税理士もりりのひとりごと

税理士もりりがぶつぶつと日ごろの出来事についてひとりごとを綴っていきます





  税理士もりりのひとりごとのナビゲーター   トップページ > 国際・政治 > 時には沈黙も必要  

時には沈黙も必要

2013 - 05/28 [Tue] - 03:42

 橋下さん、今度は従軍慰安婦と在日米軍性処理発言の釈明の場として外国人記者クラブを選んで記者会見を行っていましたね。

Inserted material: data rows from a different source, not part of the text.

lemma locally_lipschitz_on_kappa_gain:
  fixes f g :: "'a::metric_space \<Rightarrow> real"
  assumes "0 < \<epsilon>" "\<epsilon> < 1" "locally_lipschitz_on X f" "locally_lipschitz_on X g"
    and "\<And>x. x \<in> X \<Longrightarrow> 0 \<le> f x"
  shows "locally_lipschitz_on X (\<lambda>x. kappa_gain \<epsilon> (f x) (g x))"
  using locally_lipschitz_on_compose[OF locally_lipschitz_on_Pair[OF assms(3,4)]
      lipschitz_on_imp_locally_lipschitz_on[OF kappa_gain_lipschitz_on[OF assms(1,2)]]] assms(5)
  by auto

lemma locally_lipschitz_on_divide:
  fixes f g :: "'a::metric_space \<Rightarrow> real"
  assumes "locally_lipschitz_on X f" "locally_lipschitz_on X g" "\<And>x. x \<in> X \<Longrightarrow> g x > 0"
  shows "locally_lipschitz_on X (\<lambda>x. f x / g x)"
  unfolding divide_inverse by (intro locally_lipschitz_on_mult locally_lipschitz_on_inverse assms)

lemma mass_pos: "0 < mass \<beta> q p k"
  unfolding mass_def by (intro mult_pos_pos sum_pos) auto

lemma locally_lipschitz_on_mass: "locally_lipschitz_on X (\<lambda>p. mass \<beta> q p k)"
  unfolding mass_def
  by (intro locally_lipschitz_on_mult locally_lipschitz_on_const locally_lipschitz_on_sum
      locally_lipschitz_on_exp locally_lipschitz_on_power2 locally_lipschitz_on_norm
      locally_lipschitz_on_diff locally_lipschitz_on_vec_nth finite)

でも、たぶんこの様子を見ていた人のほとんどが、今回の釈明会見が橋下市長にとって事態を好転させる効果があったとは感じていないでしょう。

 正直な感想を言えば、今の橋下さんは人前で発言すればするほど墓穴を掘る状態。いや、墓穴を掘ると言うよりも、余計に問題を長引かせているだけのような感じです。弁護士としての性なのでしょうか、自分の主張はどうしても言わなければ気が済まないように見えますが、今の彼はその性格が完全に裏目に出ているように見えます。

 世の中、時にはほとぼりが冷めるまで黙りを決めたり、あまり問題に触れないこともひとつの策です。橋下市長は今までなんでも正面突破を試みて、相手を論破してきたのかも知れませんが、今回の問題についてはむやみに正面突破を試みて、なんでも面と向かって意見を交わせばよい、というものではないと思いますね。

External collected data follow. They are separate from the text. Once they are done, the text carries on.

lemma lipschitz_on_Icc_if_const_near_0:
  fixes f f' :: "real \<Rightarrow> real"
  assumes \<delta>: "0 < \<delta>" and const: "\<And>s. 0 \<le> s \<Longrightarrow> s \<le> \<delta> \<Longrightarrow> f s = f \<delta>"
    and der: "\<And>s. 0 < s \<Longrightarrow> (f has_real_derivative f' s) (at s)"
    and cont: "continuous_on {0<..} f'"
  shows "\<exists>L. L-lipschitz_on {0..R} f"
proof -
  define R' where "R' = max \<delta> R"
  have "compact (f' ` {\<delta>..R'})"
    by (rule compact_continuous_image[OF continuous_on_subset[OF cont]]) (use \<delta> in auto)
  then have "bounded (f' ` {\<delta>..R'})" by (rule compact_imp_bounded)
  then obtain M where M: "\<And>s. s \<in> {\<delta>..R'} \<Longrightarrow> \<bar>f' s\<bar> \<le> M"
    unfolding bounded_real by blast
  have "0 \<le> M" using M[of \<delta>] by (simp add: R'_def)
  have clamp: "f s = f (max s \<delta>)" if "0 \<le> s" for s
    using const[OF that] by (cases "s \<le> \<delta>") (auto simp: max_def)
  have "M-lipschitz_on {0..R} f"
  proof (rule lipschitz_on_leI[OF _ \<open>0 \<le> M\<close>])
    fix a b assume ab: "a \<in> {0..R}" "b \<in> {0..R}" "a \<le> b"
    show "dist (f a) (f b) \<le> M * dist a b"
    proof (cases "max a \<delta> < max b \<delta>")
      case True
      then obtain z where z: "max a \<delta> < z" "z < max b \<delta>"
          "f (max b \<delta>) - f (max a \<delta>) = (max b \<delta> - max a \<delta>) * f' z"
        using MVT2[OF True, of f f'] der \<delta> by force
      have "\<bar>f' z\<bar> \<le> M" using M z ab by (auto simp: R'_def)
      have "\<bar>f (max b \<delta>) - f (max a \<delta>)\<bar> = (max b \<delta> - max a \<delta>) * \<bar>f' z\<bar>"
        unfolding z(3) using True by (simp add: abs_mult)
      also have "\<dots> \<le> (b - a) * M"
        by (rule mult_mono) (use \<open>\<bar>f' z\<bar> \<le> M\<close> ab True in auto)
      finally have "\<bar>f (max b \<delta>) - f (max a \<delta>)\<bar> \<le> (b - a) * M" .
      then show ?thesis using clamp[of a] clamp[of b] ab by (simp add: dist_real_def abs_minus_commute mult.commute)
    next
      case False
      then have "max a \<delta> = max b \<delta>" using ab by auto
      then show ?thesis using clamp[of a] clamp[of b] ab \<open>0 \<le> M\<close> by (simp add: dist_real_def)
    qed
  qed
  then show ?thesis by blast
qed

lemma finite_family_bounded_on_compact:
  fixes f :: "'k \<Rightarrow> 'b::metric_space \<Rightarrow> 'a::real_normed_vector"
  assumes "finite K" "compact S" "\<And>k. k \<in> K \<Longrightarrow> continuous_on S (f k)"
  shows "\<exists>B. \<forall>k\<in>K. \<forall>t\<in>S. norm (f k t) \<le> B"
proof -
  have "bounded (\<Union>k\<in>K. f k ` S)"
    using assms by (intro bounded_UN ballI compact_imp_bounded compact_continuous_image) auto
  then show ?thesis unfolding bounded_iff by blast
qed

lemma interaction_diff_le:
  fixes X V :: "'k \<Rightarrow> 'a::real_normed_vector" and \<phi> :: "real \<Rightarrow> real"
  assumes "finite K" and lip: "L-lipschitz_on {0..R} \<phi>"
    and dist: "\<And>k. k \<in> K \<Longrightarrow> norm (X i - X k) \<le> R" "\<And>k. k \<in> K \<Longrightarrow> norm (X j - X k) \<le> R"
    and vel: "\<And>k. k \<in> K \<Longrightarrow> norm (V k) \<le> B" "norm (V i) \<le> B"
  shows "norm ((\<Sum>k\<in>K. \<phi> (norm (X i - X k)) *\<^sub>R (V k - V i)) - (\<Sum>k\<in>K. \<phi> (norm (X j - X k)) *\<^sub>R (V k - V j)))
    \<le> card K * (2 * B * L * norm (X i - X j) + (\<bar>\<phi> 0\<bar> + L * R) * norm (V i - V j))"
proof -
  have "0 \<le> L" using lip by (rule lipschitz_on_nonneg)
  have "norm (\<phi> (norm (X i - X k)) *\<^sub>R (V k - V i) - \<phi> (norm (X j - X k)) *\<^sub>R (V k - V j))
      \<le> 2 * B * L * norm (X i - X j) + (\<bar>\<phi> 0\<bar> + L * R) * norm (V i - V j)" if k: "k \<in> K" for k
  proof -
    define a b where "a = \<phi> (norm (X i - X k))" and "b = \<phi> (norm (X j - X k))"
    have "\<bar>a - b\<bar> \<le> L * \<bar>norm (X i - X k) - norm (X j - X k)\<bar>"
      unfolding a_def b_def using lipschitz_onD[OF lip] dist k by (simp add: dist_real_def)
    also have "\<dots> \<le> L * norm (X i - X j)"
      using norm_triangle_ineq3[of "X i - X k" "X j - X k"] \<open>0 \<le> L\<close> by (simp add: mult_left_mono)
    finally have ab: "\<bar>a - b\<bar> \<le> L * norm (X i - X j)" .
    have "\<bar>b - \<phi> 0\<bar> \<le> L * norm (X j - X k)"
      unfolding b_def using lipschitz_onD[OF lip, of _ 0] dist(2)[OF k] by (simp add: dist_real_def)
    also have "\<dots> \<le> L * R" using dist(2)[OF k] \<open>0 \<le> L\<close> by (rule mult_left_mono)
    finally have "\<bar>b - \<phi> 0\<bar> \<le> L * R" .
    then have b: "\<bar>b\<bar> \<le> \<bar>\<phi> 0\<bar> + L * R" by linarith
    then have "0 \<le> \<bar>\<phi> 0\<bar> + L * R" by linarith
    have "norm (V k - V i) \<le> 2 * B"
      using norm_triangle_ineq4[of "V k" "V i"] vel(1)[OF k] vel(2) by linarith
    have "a *\<^sub>R (V k - V i) - b *\<^sub>R (V k - V j) = (a - b) *\<^sub>R (V k - V i) - b *\<^sub>R (V i - V j)"
      by (simp add: algebra_simps)
    then have "norm (a *\<^sub>R (V k - V i) - b *\<^sub>R (V k - V j))
        \<le> \<bar>a - b\<bar> * norm (V k - V i) + \<bar>b\<bar> * norm (V i - V j)"
      by (metis norm_scaleR norm_triangle_ineq4)
    also have "\<dots> \<le> L * norm (X i - X j) * (2 * B) + (\<bar>\<phi> 0\<bar> + L * R) * norm (V i - V j)"
      by (intro add_mono mult_mono ab b \<open>norm (V k - V i) \<le> 2 * B\<close>) (use \<open>0 \<le> L\<close> \<open>0 \<le> \<bar>\<phi> 0\<bar> + L * R\<close> in auto)
    finally show ?thesis unfolding a_def b_def by (simp add: algebra_simps)
  qed
  then have "(\<Sum>k\<in>K. norm (\<phi> (norm (X i - X k)) *\<^sub>R (V k - V i) - \<phi> (norm (X j - X k)) *\<^sub>R (V k - V j)))
      \<le> card K * (2 * B * L * norm (X i - X j) + (\<bar>\<phi> 0\<bar> + L * R) * norm (V i - V j))"
    by (rule sum_bounded_above)
  then show ?thesis
    by (rule order_trans[rotated]) (simp add: sum_subtractf[symmetric] norm_sum)
qed

locale singular_cs_limit =
  fixes N :: nat and \<alpha> T T0 :: real
    and psin :: "nat \<Rightarrow> real \<Rightarrow> real"
    and x0 v0 :: "nat \<Rightarrow> real ^ 'd"
    and xs vs :: "nat \<Rightarrow> nat \<Rightarrow> real \<Rightarrow> real ^ 'd"
    and \<phi> :: "nat \<Rightarrow> nat"
    and x v :: "nat \<Rightarrow> real \<Rightarrow> real ^ 'd"
  assumes N: "N \<ge> 1"
    and alpha: "0 < \<alpha>" "\<alpha> < 1"
    and cutoff: "cutoff_family \<alpha> psin"
    and T: "T > 0"
    and init: "\<And>n i. n \<ge> 1 \<Longrightarrow> i < N \<Longrightarrow> xs n i 0 = x0 i \<and> vs n i 0 = v0 i"
    and ode_x: "\<And>n i t. n \<ge> 1 \<Longrightarrow> i < N \<Longrightarrow> t \<in> {0..T} \<Longrightarrow>
                  (xs n i has_vector_derivative vs n i t) (at t within {0..T})"
    and ode_v: "\<And>n i t. n \<ge> 1 \<Longrightarrow> i < N \<Longrightarrow> t \<in> {0..T} \<Longrightarrow>
                  (vs n i has_vector_derivative
                     ((1 / real N) *\<^sub>R (\<Sum>k<N. psin n (norm (xs n i t - xs n k t)) *\<^sub>R (vs n k t - vs n i t))))
                  (at t within {0..T})"
    and subseq: "strict_mono \<phi>" "\<And>k. \<phi> k \<ge> 1"
    and unif: "\<And>i. i < N \<Longrightarrow> uniform_limit {0..T} (\<lambda>k. xs (\<phi> k) i) (x i) sequentially"
    and T0: "T0 = Inf {t \<in> {0<..T}. \<exists>i<N. \<exists>j\<in>Bset N x0 v0 i.
                          lim (\<lambda>k. norm (xs (\<phi> k) i t - xs (\<phi> k) j t)) = 0}"
    and T0_ne: "{t \<in> {0<..T}. \<exists>i<N. \<exists>j\<in>Bset N x0 v0 i.
                          lim (\<lambda>k. norm (xs (\<phi> k) i t - xs (\<phi> k) j t)) = 0} \<noteq> {}"
    and C1: "\<And>i t. i < N \<Longrightarrow> 0 \<le> t \<Longrightarrow> t < T0 \<Longrightarrow>
               uniform_limit {0..t} (\<lambda>k. vs (\<phi> k) i) (v i) sequentially"
begin

lemma psin_eq_psi: "2 \<le> n \<Longrightarrow> real (n - 1) powr (-1/\<alpha>) \<le> s \<Longrightarrow> psin n s = psi \<alpha> s"
  using cutoff unfolding cutoff_family_def by auto

lemma psin_eq_n: "1 \<le> n \<Longrightarrow> 0 \<le> s \<Longrightarrow> s \<le> real n powr (-1/\<alpha>) \<Longrightarrow> psin n s = real n"
  using cutoff unfolding cutoff_family_def by auto

lemma psin_nonneg:
  assumes n: "2 \<le> n" and s: "0 \<le> s"
  shows "0 \<le> psin n s"
proof -
  define s\<^sub>0 s\<^sub>1 where "s\<^sub>0 = real n powr (-1/\<alpha>)" and "s\<^sub>1 = real (n - 1) powr (-1/\<alpha>)"
  have psi_nonneg: "0 \<le> psi \<alpha> r" for r by (simp add: psi_def)
  consider "s \<le> s\<^sub>0" | "s\<^sub>1 \<le> s" | "s\<^sub>0 \<le> s" "s \<le> s\<^sub>1" by linarith
  then show ?thesis
  proof cases
    case 1
    then show ?thesis using psin_eq_n[of n s] n s by (simp add: s\<^sub>0_def)
  next
    case 2
    then show ?thesis using psin_eq_psi[of n s] n psi_nonneg by (simp add: s\<^sub>1_def)
  next
    case 3
    have "monotone_on {s\<^sub>0..s\<^sub>1} (\<le>) (\<ge>) (psin n)"
      using cutoff n unfolding cutoff_family_def s\<^sub>0_def s\<^sub>1_def by auto
    from monotone_onD[OF this, of s s\<^sub>1] have "psin n s\<^sub>1 \<le> psin n s" using 3 by simp
    moreover have "psin n s\<^sub>1 = psi \<alpha> s\<^sub>1" using psin_eq_psi[of n s\<^sub>1] n by (simp add: s\<^sub>1_def)
    ultimately show ?thesis using psi_nonneg[of s\<^sub>1] by simp
  qed
qed

lemma psin_lipschitz:
  assumes n: "1 \<le> n"
  shows "\<exists>L. L-lipschitz_on {0..R} (psin n)"
proof (rule lipschitz_on_Icc_if_const_near_0)
  have smooth: "smooth_on {0<..} (psin n)" using cutoff n unfolding cutoff_family_def by auto
  have "(deriv ^^ 0) (psin n) differentiable_on {0<..}" "(deriv ^^ 1) (psin n) differentiable_on {0<..}"
    using smooth unfolding smooth_on_def by blast+
  then have "psin n differentiable_on {0<..}" "deriv (psin n) differentiable_on {0<..}"
    by simp_all
  then show "\<And>s. 0 < s \<Longrightarrow> (psin n has_real_derivative deriv (psin n) s) (at s)"
    "continuous_on {0<..} (deriv (psin n))"
    by (auto simp: differentiable_on_eq_differentiable_at DERIV_deriv_iff_real_differentiable
        intro: differentiable_imp_continuous_on)
  show "0 < real n powr (-1/\<alpha>)" using n by simp
  show "\<And>s. 0 \<le> s \<Longrightarrow> s \<le> real n powr (-1/\<alpha>) \<Longrightarrow> psin n s = psin n (real n powr (-1/\<alpha>))"
    using psin_eq_n n by simp
qed

definition collision_times :: "real set" where
  "collision_times = {t \<in> {0<..T}. \<exists>i<N. \<exists>j\<in>Bset N x0 v0 i.
     lim (\<lambda>k. norm (xs (\<phi> k) i t - xs (\<phi> k) j t)) = 0}"

lemma T0_le_collision_time: "t \<in> collision_times \<Longrightarrow> T0 \<le> t"
  unfolding T0 collision_times_def[symmetric]
  by (rule cInf_lower) (auto simp: collision_times_def intro: bdd_belowI[of _ 0])

lemma T0_le_T: "T0 \<le> T"
  using T0_ne T0_le_collision_time unfolding collision_times_def[symmetric]
  by (force simp: collision_times_def)

lemma xs_continuous_on: "1 \<le> n \<Longrightarrow> i < N \<Longrightarrow> continuous_on {0..T} (xs n i)"
  using ode_x by (meson continuous_on_eq_continuous_within has_vector_derivative_continuous)

lemma vs_continuous_on: "1 \<le> n \<Longrightarrow> i < N \<Longrightarrow> continuous_on {0..T} (vs n i)"
  using ode_v by (meson continuous_on_eq_continuous_within has_vector_derivative_continuous)

lemma x_continuous_on: "i < N \<Longrightarrow> continuous_on {0..T} (x i)"
  by (rule uniform_limit_theorem[OF _ unif]) (auto intro!: always_eventually xs_continuous_on subseq)

lemma v_continuous_on:
  assumes "i < N" "t < T0"
  shows "continuous_on {0..t} (v i)"
proof (cases "0 \<le> t")
  case True
  have "{0..t} \<subseteq> {0..T}" using assms T0_le_T by auto
  then show ?thesis
    by (intro uniform_limit_theorem[OF _ C1[OF assms(1) True assms(2)]] always_eventually allI
        continuous_on_subset[OF vs_continuous_on] subseq assms(1)) auto
qed simp

lemma xs_tendsto_x: "i < N \<Longrightarrow> t \<in> {0..T} \<Longrightarrow> (\<lambda>k. xs (\<phi> k) i t) \<longlonglongrightarrow> x i t"
  using tendsto_uniform_limitI[OF unif] by auto

lemma vs_tendsto_v: "i < N \<Longrightarrow> 0 \<le> t \<Longrightarrow> t < T0 \<Longrightarrow> (\<lambda>k. vs (\<phi> k) i t) \<longlonglongrightarrow> v i t"
  using tendsto_uniform_limitI[OF C1] by auto

lemma x_ne_before_T0:
  assumes i: "i < N" and j: "j \<in> Bset N x0 v0 i" and r: "0 < r" "r < T0"
  shows "x i r \<noteq> x j r"
proof
  assume "x i r = x j r"
  have "r \<in> {0..T}" using r T0_le_T by auto
  with i j have "(\<lambda>k. norm (xs (\<phi> k) i r - xs (\<phi> k) j r)) \<longlonglongrightarrow> norm (x i r - x j r)"
    by (intro tendsto_intros xs_tendsto_x) (auto simp: Bset_def)
  with \<open>x i r = x j r\<close> have "lim (\<lambda>k. norm (xs (\<phi> k) i r - xs (\<phi> k) j r)) = 0"
    by (simp add: limI)
  with i j r T0_le_T have "r \<in> collision_times" by (auto simp: collision_times_def)
  with r show False using T0_le_collision_time by fastforce
qed

lemma eventually_phi_ge: "eventually (\<lambda>k. m \<le> \<phi> k) sequentially"
  using eventually_ge_at_top[of m] by eventually_elim (use strict_mono_imp_increasing[OF subseq(1)] le_trans in blast)

lemma velocity_component_has_derivative:
  assumes "1 \<le> n" "p < N" "t \<in> {0..T}"
  shows "((\<lambda>t. vs n p t $ l) has_real_derivative
     (1 / real N) * (\<Sum>k<N. psin n (norm (xs n p t - xs n k t)) * (vs n k t $ l - vs n p t $ l)))
     (at t within {0..T})"
  using bounded_linear.has_vector_derivative[OF bounded_linear_vec_nth ode_v[OF assms], of l]
  by (simp add: has_real_derivative_iff_has_vector_derivative sum_component)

 と、言いますのも、やはり女性蔑視につながりかねない発言について、全面撤回して謝罪するのであればまだしも、従軍慰安婦に関しては「日本だけがやっていたわけではない」という発言を貫こうとすることにはあまり固執しない方がよいと思いますねぇ。なぜなら、こういうセンシティブな問題に関しては、各国で様々に価値観が異なる可能性が高いからです。

 橋下市長は、この程度の意見は日本の中では通用する話だと思ったのでしょうが、残念ながらすべての言葉が彼の意図しているとおりに伝えられるわけではないですからね。仮にも大きな地方自治体の長の職にある立場なのですから、その発言がどのように曲解されて世の中に伝わる恐れがあるか、というところにまで慎重に判断して発言すべきだったと思いますね。

 一度口から出た言葉というのは、それが刺激的な言葉であればあるほど、訂正が難しくなるものです。にもかかわらず橋下市長は、さらにその主張を繰り返し述べて、自分の意見の正しさと、誤解を解こうと必死に説明を行うわけです。しかし、残念ながら彼の意図とは裏腹に、誤解を解こうと必死になればなるほど、むしろ不快に思っている人達の感情に油を注いでいるだけのような気がしますね。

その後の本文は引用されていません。